**Instructions for the task**. Only a number is expected: how many lines in these records mention the word "otimes"?

Dataset entries

= = = = = = =

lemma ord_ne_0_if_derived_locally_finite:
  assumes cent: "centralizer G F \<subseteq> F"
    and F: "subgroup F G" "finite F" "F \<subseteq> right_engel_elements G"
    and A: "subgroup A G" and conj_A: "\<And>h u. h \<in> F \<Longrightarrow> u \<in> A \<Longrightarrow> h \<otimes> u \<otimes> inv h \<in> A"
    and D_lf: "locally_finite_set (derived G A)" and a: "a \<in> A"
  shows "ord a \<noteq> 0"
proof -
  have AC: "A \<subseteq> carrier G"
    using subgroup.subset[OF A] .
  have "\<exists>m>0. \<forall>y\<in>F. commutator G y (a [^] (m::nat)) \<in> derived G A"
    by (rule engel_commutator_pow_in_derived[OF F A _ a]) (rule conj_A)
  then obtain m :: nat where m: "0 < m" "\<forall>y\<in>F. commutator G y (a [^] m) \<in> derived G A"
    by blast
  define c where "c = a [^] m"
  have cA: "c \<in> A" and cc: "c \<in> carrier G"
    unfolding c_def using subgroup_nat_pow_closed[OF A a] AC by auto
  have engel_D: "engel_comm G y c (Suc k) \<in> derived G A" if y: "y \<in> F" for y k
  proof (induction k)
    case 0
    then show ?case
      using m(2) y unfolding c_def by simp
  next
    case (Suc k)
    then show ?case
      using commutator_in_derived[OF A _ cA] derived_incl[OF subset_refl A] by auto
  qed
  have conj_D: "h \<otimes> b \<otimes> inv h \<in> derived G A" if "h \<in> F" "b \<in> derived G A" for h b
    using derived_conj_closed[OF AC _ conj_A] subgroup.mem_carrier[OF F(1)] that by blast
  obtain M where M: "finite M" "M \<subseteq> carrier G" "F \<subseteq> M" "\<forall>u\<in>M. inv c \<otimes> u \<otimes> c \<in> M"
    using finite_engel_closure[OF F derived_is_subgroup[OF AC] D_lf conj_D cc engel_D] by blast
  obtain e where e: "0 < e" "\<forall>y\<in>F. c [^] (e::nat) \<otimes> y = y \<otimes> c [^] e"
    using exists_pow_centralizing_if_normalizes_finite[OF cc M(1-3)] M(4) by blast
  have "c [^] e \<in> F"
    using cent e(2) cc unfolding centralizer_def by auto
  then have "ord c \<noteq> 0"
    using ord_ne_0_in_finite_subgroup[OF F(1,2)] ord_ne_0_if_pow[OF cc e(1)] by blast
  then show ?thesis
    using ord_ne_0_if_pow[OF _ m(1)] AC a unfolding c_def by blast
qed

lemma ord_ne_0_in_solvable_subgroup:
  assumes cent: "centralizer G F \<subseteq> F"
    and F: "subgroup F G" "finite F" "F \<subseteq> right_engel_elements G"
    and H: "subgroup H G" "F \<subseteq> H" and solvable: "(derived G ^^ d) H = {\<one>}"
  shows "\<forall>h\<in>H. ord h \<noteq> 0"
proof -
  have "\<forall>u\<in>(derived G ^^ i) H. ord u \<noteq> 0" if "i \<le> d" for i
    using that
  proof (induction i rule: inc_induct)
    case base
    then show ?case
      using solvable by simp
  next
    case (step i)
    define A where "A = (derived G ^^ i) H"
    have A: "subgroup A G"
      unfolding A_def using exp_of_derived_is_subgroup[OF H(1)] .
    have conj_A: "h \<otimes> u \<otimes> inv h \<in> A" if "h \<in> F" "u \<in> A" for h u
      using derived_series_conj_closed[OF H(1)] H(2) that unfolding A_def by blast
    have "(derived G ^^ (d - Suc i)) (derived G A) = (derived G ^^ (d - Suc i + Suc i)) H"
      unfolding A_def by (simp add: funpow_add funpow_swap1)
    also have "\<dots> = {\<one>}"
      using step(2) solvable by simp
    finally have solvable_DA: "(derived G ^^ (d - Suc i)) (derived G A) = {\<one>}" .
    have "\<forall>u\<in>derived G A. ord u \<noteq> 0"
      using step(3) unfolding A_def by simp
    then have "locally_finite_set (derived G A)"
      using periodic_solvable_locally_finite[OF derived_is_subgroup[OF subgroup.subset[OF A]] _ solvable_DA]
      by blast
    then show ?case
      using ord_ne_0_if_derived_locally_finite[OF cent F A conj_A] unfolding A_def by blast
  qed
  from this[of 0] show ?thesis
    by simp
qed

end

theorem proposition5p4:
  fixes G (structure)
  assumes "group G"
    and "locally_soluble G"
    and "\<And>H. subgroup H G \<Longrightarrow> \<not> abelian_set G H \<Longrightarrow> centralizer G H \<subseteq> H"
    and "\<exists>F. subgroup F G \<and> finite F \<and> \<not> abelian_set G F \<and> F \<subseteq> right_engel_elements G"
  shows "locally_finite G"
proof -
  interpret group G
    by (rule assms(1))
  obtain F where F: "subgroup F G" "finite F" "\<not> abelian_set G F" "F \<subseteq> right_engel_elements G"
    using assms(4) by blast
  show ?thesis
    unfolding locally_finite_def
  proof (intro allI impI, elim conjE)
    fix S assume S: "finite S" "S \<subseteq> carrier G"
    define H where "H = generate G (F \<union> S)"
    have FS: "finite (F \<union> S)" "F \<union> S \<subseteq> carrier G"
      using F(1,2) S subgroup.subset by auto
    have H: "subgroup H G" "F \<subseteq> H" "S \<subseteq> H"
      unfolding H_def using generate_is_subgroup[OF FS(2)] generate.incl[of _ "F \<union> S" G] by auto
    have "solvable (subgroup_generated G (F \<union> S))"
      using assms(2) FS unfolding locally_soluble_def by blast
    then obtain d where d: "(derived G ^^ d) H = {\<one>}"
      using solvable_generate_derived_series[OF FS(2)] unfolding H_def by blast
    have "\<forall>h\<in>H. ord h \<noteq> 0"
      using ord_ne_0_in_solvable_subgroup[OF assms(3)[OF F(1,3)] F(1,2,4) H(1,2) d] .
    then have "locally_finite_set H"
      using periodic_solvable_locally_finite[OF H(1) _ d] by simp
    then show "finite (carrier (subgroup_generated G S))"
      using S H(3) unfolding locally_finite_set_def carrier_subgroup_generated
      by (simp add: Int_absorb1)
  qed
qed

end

= = = = = = =

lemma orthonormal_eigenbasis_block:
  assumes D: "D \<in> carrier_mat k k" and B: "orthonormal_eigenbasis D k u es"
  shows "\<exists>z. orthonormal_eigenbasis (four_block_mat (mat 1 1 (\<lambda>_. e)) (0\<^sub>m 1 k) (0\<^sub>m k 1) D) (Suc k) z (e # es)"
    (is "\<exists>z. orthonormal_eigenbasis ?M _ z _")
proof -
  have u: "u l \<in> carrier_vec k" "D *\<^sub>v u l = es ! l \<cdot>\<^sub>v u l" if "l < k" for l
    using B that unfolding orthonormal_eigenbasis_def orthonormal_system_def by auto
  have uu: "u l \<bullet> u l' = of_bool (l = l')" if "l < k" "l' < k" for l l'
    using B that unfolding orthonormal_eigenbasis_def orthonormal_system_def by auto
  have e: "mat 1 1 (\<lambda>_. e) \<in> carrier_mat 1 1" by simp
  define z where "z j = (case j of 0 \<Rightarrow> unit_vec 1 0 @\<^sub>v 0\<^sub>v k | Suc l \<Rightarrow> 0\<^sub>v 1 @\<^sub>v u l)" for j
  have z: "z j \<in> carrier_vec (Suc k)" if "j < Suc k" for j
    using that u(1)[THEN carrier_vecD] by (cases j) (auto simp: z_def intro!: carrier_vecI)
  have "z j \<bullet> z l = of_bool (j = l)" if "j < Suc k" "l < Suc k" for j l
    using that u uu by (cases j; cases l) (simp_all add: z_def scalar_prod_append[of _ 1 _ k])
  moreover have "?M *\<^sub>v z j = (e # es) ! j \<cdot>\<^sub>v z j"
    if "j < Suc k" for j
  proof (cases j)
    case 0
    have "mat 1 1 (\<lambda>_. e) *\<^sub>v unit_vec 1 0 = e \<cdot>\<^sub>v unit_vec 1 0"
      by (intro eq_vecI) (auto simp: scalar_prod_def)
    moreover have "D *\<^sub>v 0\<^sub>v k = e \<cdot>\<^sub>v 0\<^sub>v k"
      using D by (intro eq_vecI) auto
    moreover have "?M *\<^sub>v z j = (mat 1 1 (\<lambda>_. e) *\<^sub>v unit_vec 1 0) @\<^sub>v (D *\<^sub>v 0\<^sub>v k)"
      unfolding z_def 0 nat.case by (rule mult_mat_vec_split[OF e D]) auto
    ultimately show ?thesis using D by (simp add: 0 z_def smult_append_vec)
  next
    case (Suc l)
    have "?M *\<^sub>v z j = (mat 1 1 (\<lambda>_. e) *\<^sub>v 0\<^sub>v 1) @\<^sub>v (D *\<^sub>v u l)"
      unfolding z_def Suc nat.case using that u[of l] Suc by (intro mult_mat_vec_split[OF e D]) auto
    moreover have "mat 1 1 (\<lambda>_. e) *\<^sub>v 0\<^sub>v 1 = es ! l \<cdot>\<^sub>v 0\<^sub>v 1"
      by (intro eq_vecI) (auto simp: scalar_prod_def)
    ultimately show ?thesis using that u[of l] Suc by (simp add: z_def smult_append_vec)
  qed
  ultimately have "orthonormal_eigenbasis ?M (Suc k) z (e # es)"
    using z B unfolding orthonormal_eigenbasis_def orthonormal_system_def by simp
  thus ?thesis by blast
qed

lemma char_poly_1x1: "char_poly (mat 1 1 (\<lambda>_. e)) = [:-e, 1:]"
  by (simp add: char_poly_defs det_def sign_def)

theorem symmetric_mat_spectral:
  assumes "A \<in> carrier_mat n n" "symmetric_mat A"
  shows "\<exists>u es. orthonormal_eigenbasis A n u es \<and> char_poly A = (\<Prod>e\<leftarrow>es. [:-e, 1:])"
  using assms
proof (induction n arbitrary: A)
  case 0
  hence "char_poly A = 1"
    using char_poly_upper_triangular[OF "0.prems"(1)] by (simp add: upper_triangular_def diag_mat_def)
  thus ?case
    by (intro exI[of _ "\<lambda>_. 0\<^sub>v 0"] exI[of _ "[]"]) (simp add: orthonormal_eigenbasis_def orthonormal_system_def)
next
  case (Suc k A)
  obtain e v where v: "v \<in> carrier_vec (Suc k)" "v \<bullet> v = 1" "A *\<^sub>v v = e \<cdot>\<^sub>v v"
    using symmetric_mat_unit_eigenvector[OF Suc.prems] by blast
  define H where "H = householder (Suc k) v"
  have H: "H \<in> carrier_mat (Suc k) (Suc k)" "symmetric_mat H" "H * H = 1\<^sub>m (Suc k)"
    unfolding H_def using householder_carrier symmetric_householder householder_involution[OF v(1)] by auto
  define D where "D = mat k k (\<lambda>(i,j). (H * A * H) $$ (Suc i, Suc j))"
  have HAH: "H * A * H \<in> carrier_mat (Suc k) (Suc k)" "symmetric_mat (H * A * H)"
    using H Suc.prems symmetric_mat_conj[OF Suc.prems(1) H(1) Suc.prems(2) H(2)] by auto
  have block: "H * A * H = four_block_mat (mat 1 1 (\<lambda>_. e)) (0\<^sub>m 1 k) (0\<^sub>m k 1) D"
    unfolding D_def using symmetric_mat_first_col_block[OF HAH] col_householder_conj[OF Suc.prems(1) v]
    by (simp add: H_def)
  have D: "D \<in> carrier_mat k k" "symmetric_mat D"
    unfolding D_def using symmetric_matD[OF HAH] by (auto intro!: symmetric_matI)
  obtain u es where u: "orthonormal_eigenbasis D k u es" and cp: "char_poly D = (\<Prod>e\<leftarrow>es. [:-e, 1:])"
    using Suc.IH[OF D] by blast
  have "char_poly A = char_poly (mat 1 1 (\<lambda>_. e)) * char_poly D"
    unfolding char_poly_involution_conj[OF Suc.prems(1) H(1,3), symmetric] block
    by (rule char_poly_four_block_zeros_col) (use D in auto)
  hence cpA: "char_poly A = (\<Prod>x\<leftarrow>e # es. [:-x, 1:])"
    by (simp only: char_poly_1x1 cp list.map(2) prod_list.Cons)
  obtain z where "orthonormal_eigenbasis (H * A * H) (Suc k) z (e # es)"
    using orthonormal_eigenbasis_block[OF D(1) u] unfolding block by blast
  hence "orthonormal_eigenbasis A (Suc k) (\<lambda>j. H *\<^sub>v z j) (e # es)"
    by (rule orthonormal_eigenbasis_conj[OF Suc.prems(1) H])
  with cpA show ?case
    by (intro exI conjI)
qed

= = = = = = =

**Exercise answer**. 5